Supplied information START

text \<open>For \<open>i < j\<close> this is \<open>E\<^sub>i\<^sub>j + E\<^sub>j\<^sub>i\<close>, for \<open>i = j\<close> it is \<open>E\<^sub>i\<^sub>i\<close>: the standard basis of the
  symmetric matrices, indexed by \<open>upper_pairs n\<close>.\<close>

definition sym_unit :: "nat \<times> nat \<Rightarrow> nat \<Rightarrow> nat \<Rightarrow> 'a::zero_neq_one" where
  "sym_unit q i j = (if (i, j) = q \<or> (j, i) = q then 1 else 0)"

text \<open>Row \<open>k\<close> holds the coefficients of the \<open>k\<close>-th observation
  \<open>d \<mapsto> b\<^sup>T X\<^sub>k d\<close>, resp. \<open>G \<mapsto> b\<^sup>T X\<^sub>k G X\<^sub>k\<^sup>T b\<close>, the latter in the basis
  \<open>sym_unit (e r)\<close> for an enumeration \<open>e\<close> of \<open>upper_pairs n\<close>.\<close>

definition lin_obs_mat :: "nat \<Rightarrow> (nat \<Rightarrow> 'a::comm_semiring_1) \<Rightarrow> (nat \<Rightarrow> nat \<Rightarrow> nat \<Rightarrow> 'a) \<Rightarrow> 'a mat" where
  "lin_obs_mat n v X = Matrix.mat n n (\<lambda>(k, j). vmult n v (X k) j)"

definition quad_obs_mat ::
    "nat \<Rightarrow> nat \<Rightarrow> (nat \<Rightarrow> 'a::comm_semiring_1) \<Rightarrow> (nat \<Rightarrow> nat \<times> nat) \<Rightarrow> (nat \<Rightarrow> nat \<Rightarrow> nat \<Rightarrow> 'a) \<Rightarrow> 'a mat" where
  "quad_obs_mat N n v e X = Matrix.mat N N (\<lambda>(k, r). qform n (vmult n v (X k)) (sym_unit (e r)))"

lemma bilin_eq_vmult: "bilin n b X d = (\<Sum>j<n. vmult n b X j * d j)"
  unfolding bilin_def vmult_def sum_distrib_right by (rule sum.swap)

lemma sum_swap_pairs:
  "(\<Sum>i\<in>A. \<Sum>j\<in>B. \<Sum>k\<in>C. \<Sum>l\<in>D. f i j k l) = (\<Sum>k\<in>C. \<Sum>l\<in>D. \<Sum>i\<in>A. \<Sum>j\<in>B. f i j k l)"
proof -
  have "(\<Sum>i\<in>A. \<Sum>j\<in>B. \<Sum>k\<in>C. \<Sum>l\<in>D. f i j k l) = (\<Sum>i\<in>A. \<Sum>k\<in>C. \<Sum>j\<in>B. \<Sum>l\<in>D. f i j k l)"
    by (intro sum.cong refl sum.swap)
  also have "\<dots> = (\<Sum>i\<in>A. \<Sum>k\<in>C. \<Sum>l\<in>D. \<Sum>j\<in>B. f i j k l)"
    by (intro sum.cong refl sum.swap)
  also have "\<dots> = (\<Sum>k\<in>C. \<Sum>i\<in>A. \<Sum>l\<in>D. \<Sum>j\<in>B. f i j k l)"
    by (rule sum.swap)
  also have "\<dots> = (\<Sum>k\<in>C. \<Sum>l\<in>D. \<Sum>i\<in>A. \<Sum>j\<in>B. f i j k l)"
    by (intro sum.cong refl sum.swap)
  finally show ?thesis .
qed

lemma bilin_congruence_eq_qform:
  "bilin n b (mmult n (mmult n X G) (mtrans X)) b = qform n (vmult n b X) G"
proof -
  have "b i * mmult n (mmult n X G) (mtrans X) i j * b j =
      (\<Sum>a<n. \<Sum>c<n. b i * X i a * G a c * X j c * b j)" for i j
  proof -
    have "b i * mmult n (mmult n X G) (mtrans X) i j * b j =
        (\<Sum>c<n. \<Sum>a<n. b i * X i a * G a c * X j c * b j)"
      by (simp add: mmult_def mtrans_def sum_distrib_left sum_distrib_right mult_ac)
    then show ?thesis by (rule trans) (rule sum.swap)
  qed
  then have "bilin n b (mmult n (mmult n X G) (mtrans X)) b =
      (\<Sum>i<n. \<Sum>j<n. \<Sum>a<n. \<Sum>c<n. b i * X i a * G a c * X j c * b j)"
    by (simp add: bilin_def)
  also have "\<dots> = (\<Sum>a<n. \<Sum>c<n. \<Sum>i<n. \<Sum>j<n. b i * X i a * G a c * X j c * b j)"
    by (rule sum_swap_pairs)
  also have "\<dots> = qform n (vmult n b X) G"
    unfolding qform_def vmult_def sum_product unfolding sum_distrib_right
    by (intro sum.cong refl) (simp add: mult_ac)
  finally show ?thesis .
qed

lemma qform_cong:
  "(\<And>i j. i < n \<Longrightarrow> j < n \<Longrightarrow> G i j = H i j) \<Longrightarrow> qform n v G = qform n v H"
  unfolding qform_def by (intro sum.cong refl) auto

lemma qform_diff:
  "qform n v (\<lambda>i j. G i j - H i j) = qform n v G - (qform n v H :: 'a::comm_ring_1)"
  unfolding qform_def by (simp add: right_diff_distrib sum_subtractf)

lemma qform_sum:
  "qform n v (\<lambda>i j. \<Sum>r\<in>R. g r * G r i j) = (\<Sum>r\<in>R. qform n v (G r) * g r)"
proof -
  have "qform n v (\<lambda>i j. \<Sum>r\<in>R. g r * G r i j) = (\<Sum>i<n. \<Sum>j<n. \<Sum>r\<in>R. v i * v j * G r i j * g r)"
    unfolding qform_def sum_distrib_left by (simp add: mult_ac)
  also have "\<dots> = (\<Sum>i<n. \<Sum>r\<in>R. \<Sum>j<n. v i * v j * G r i j * g r)"
    by (intro sum.cong refl sum.swap)
  also have "\<dots> = (\<Sum>r\<in>R. qform n v (G r) * g r)"
    unfolding qform_def sum_distrib_right by (rule sum.swap)
  finally show ?thesis .
qed
lemma finite_upper_pairs: "finite (upper_pairs n)"
  by (rule finite_subset[of _ "{..<n} \<times> {..<n}"]) (auto simp: upper_pairs_def)

lemma card_upper_pairs: "2 * card (upper_pairs n) = n * (n + 1)"
proof (induction n)
  case (Suc n)
  have "upper_pairs (Suc n) = upper_pairs n \<union> (\<lambda>i. (i, n)) ` {..n}"
    by (auto simp: upper_pairs_def)
  moreover have "upper_pairs n \<inter> (\<lambda>i. (i, n)) ` {..n} = {}"
    by (auto simp: upper_pairs_def)
  moreover have "card ((\<lambda>i. (i, n)) ` {..n}) = Suc n"
    by (subst card_image) (auto simp: inj_on_def)
  ultimately have "card (upper_pairs (Suc n)) = card (upper_pairs n) + Suc n"
    using finite_upper_pairs by (simp add: card_Un_disjoint)
  then show ?case using Suc by simp
qed (simp add: upper_pairs_def)

lemma sum_sym_unit_reconstruct:
  fixes D :: "nat \<Rightarrow> nat \<Rightarrow> 'a::comm_semiring_1"
  assumes e: "bij_betw e {..<N} (upper_pairs n)" and sym: "\<And>i j. D i j = D j i" and ij: "i < n" "j < n"
  shows "(\<Sum>r<N. D (fst (e r)) (snd (e r)) * sym_unit (e r) i j) = D i j"
proof -
  let ?q = "(min i j, max i j)"
  have unit: "sym_unit q i j = (if q = ?q then 1 else 0)" if q_mem: "q \<in> upper_pairs n" for q
  proof -
    obtain a c where q: "q = (a, c)" "a \<le> c"
      using q_mem by (cases q) (auto simp: upper_pairs_def)
    then have "((i, j) = q \<or> (j, i) = q) \<longleftrightarrow> q = ?q"
      by (cases "i \<le> j") (auto simp: min_def max_def)
    then show ?thesis by (simp add: sym_unit_def)
  qed
  have "(\<Sum>r<N. D (fst (e r)) (snd (e r)) * sym_unit (e r) i j) =
      (\<Sum>q\<in>upper_pairs n. D (fst q) (snd q) * sym_unit q i j)"
    by (rule sum.reindex_bij_betw[OF e])
  also have "\<dots> = (\<Sum>q\<in>upper_pairs n. if q = ?q then D (fst q) (snd q) else 0)"
    by (intro sum.cong refl) (simp add: unit)
  also have "\<dots> = D (min i j) (max i j)"
    using ij by (subst sum.delta[OF finite_upper_pairs]) (auto simp: upper_pairs_def)
  also have "\<dots> = D i j"
    using sym[of j i] by (cases "i \<le> j") (auto simp: min_def max_def)
  finally show ?thesis .
qed

lemma sum_sym_unit_at_enum:
  fixes g :: "nat \<Rightarrow> 'a::comm_semiring_1"
  assumes e: "bij_betw e {..<N} (upper_pairs n)" and r: "r < N" "e r = (i, j)"
  shows "(\<Sum>r'<N. g r' * sym_unit (e r') i j) = g r"
proof -
  have "i \<le> j" using bij_betwE[OF e] r by (force simp: upper_pairs_def)
  have unit: "sym_unit (e r') i j = (if r' = r then 1 else 0)" if r': "r' < N" for r'
  proof -
    obtain a c where ac: "e r' = (a, c)" "a \<le> c"
      using bij_betwE[OF e] r' by (cases "e r'") (force simp: upper_pairs_def)
    then have "sym_unit (e r') i j = (if e r' = e r then 1 else 0)"
      using r(2) \<open>i \<le> j\<close> by (auto simp: sym_unit_def)
    also have "\<dots> = (if r' = r then 1 else 0)"
      using bij_betw_imp_inj_on[OF e] r' r(1) by (auto simp: inj_on_def)
    finally show ?thesis .
  qed
  have "(\<Sum>r'<N. g r' * sym_unit (e r') i j) = (\<Sum>r'<N. if r' = r then g r' else 0)"
    by (intro sum.cong refl) (simp add: unit)
  also have "\<dots> = g r" using r(1) by simp
  finally show ?thesis .
qed

lemma sym_unit_commute: "sym_unit q i j = sym_unit q j i"
  by (auto simp: sym_unit_def)

lemma det_quad_obs_mat_ne_0_iff:
  fixes v :: "nat \<Rightarrow> 'a::idom"
  assumes e: "bij_betw e {..<N} (upper_pairs n)"
  shows "Determinant.det (quad_obs_mat N n v e X) \<noteq> 0 \<longleftrightarrow>
    (\<forall>D. (\<forall>i j. D i j = D j i) \<longrightarrow> (\<forall>k<N. qform n (vmult n v (X k)) D = 0) \<longrightarrow>
         (\<forall>i<n. \<forall>j<n. D i j = 0))"
  unfolding quad_obs_mat_def det_mat_ne_0_iff
proof (intro iffI allI impI)
  fix D i j
  assume K: "\<forall>g. (\<forall>k<N. (\<Sum>r<N. qform n (vmult n v (X k)) (sym_unit (e r)) * g r) = 0) \<longrightarrow> (\<forall>r<N. g r = 0)"
    and sym: "\<forall>i j. D i j = D j i" and Q: "\<forall>k<N. qform n (vmult n v (X k)) D = 0"
    and ij: "i < n" "j < n"
  define g where "g r = D (fst (e r)) (snd (e r))" for r
  have D_eq: "(\<Sum>r<N. g r * sym_unit (e r) a c) = D a c" if "a < n" "c < n" for a c
    unfolding g_def by (rule sum_sym_unit_reconstruct[OF e]) (use sym that in auto)
  have "qform n (vmult n v (X k)) D = (\<Sum>r<N. qform n (vmult n v (X k)) (sym_unit (e r)) * g r)" for k
  proof -
    have "qform n (vmult n v (X k)) D = qform n (vmult n v (X k)) (\<lambda>a c. \<Sum>r<N. g r * sym_unit (e r) a c)"
      by (rule qform_cong) (simp add: D_eq)
    then show ?thesis by (simp add: qform_sum)
  qed
  then have g0: "\<forall>r<N. g r = 0" using K Q by simp
  have "(min i j, max i j) \<in> e ` {..<N}"
    using bij_betw_imp_surj_on[OF e] ij by (auto simp: upper_pairs_def)
  then obtain r where "r < N" "e r = (min i j, max i j)" by auto
  with g0 have "D (min i j) (max i j) = 0" by (force simp: g_def)
  with sym show "D i j = 0" by (cases "i \<le> j") (auto simp: min_def max_def)
next
  fix g r
  assume K: "\<forall>D. (\<forall>i j. D i j = D j i) \<longrightarrow> (\<forall>k<N. qform n (vmult n v (X k)) D = 0) \<longrightarrow> (\<forall>i<n. \<forall>j<n. D i j = 0)"
    and Q: "\<forall>k<N. (\<Sum>r<N. qform n (vmult n v (X k)) (sym_unit (e r)) * g r) = 0" and r: "r < N"
  define D where "D i j = (\<Sum>r<N. g r * sym_unit (e r) i j)" for i j
  have "\<forall>i j. D i j = D j i" by (simp add: D_def sym_unit_commute)
  moreover have "\<forall>k<N. qform n (vmult n v (X k)) D = 0"
    using Q unfolding D_def qform_sum by simp
  ultimately have D0: "\<forall>i<n. \<forall>j<n. D i j = 0" using K by blast
  obtain i j where ij: "e r = (i, j)" by (cases "e r") auto
  then have "(i, j) \<in> upper_pairs n" using bij_betwE[OF e] r by force
  then have "D i j = 0" using D0 by (auto simp: upper_pairs_def)
  then show "g r = 0" using sum_sym_unit_at_enum[OF e r ij, of g] by (simp add: D_def)
qed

Supplied information END

## Work task
Write down exactly the line with "define D where", then each line after it through the end of the data.

## Solution
  define D where "D i j = (\<Sum>r<N. g r * sym_unit (e r) i j)" for i j
  have "\<forall>i j. D i j = D j i" by (simp add: D_def sym_unit_commute)
  moreover have "\<forall>k<N. qform n (vmult n v (X k)) D = 0"
    using Q unfolding D_def qform_sum by simp
  ultimately have D0: "\<forall>i<n. \<forall>j<n. D i j = 0" using K by blast
  obtain i j where ij: "e r = (i, j)" by (cases "e r") auto
  then have "(i, j) \<in> upper_pairs n" using bij_betwE[OF e] r by force
  then have "D i j = 0" using D0 by (auto simp: upper_pairs_def)
  then show "g r = 0" using sum_sym_unit_at_enum[OF e r ij, of g] by (simp add: D_def)
qed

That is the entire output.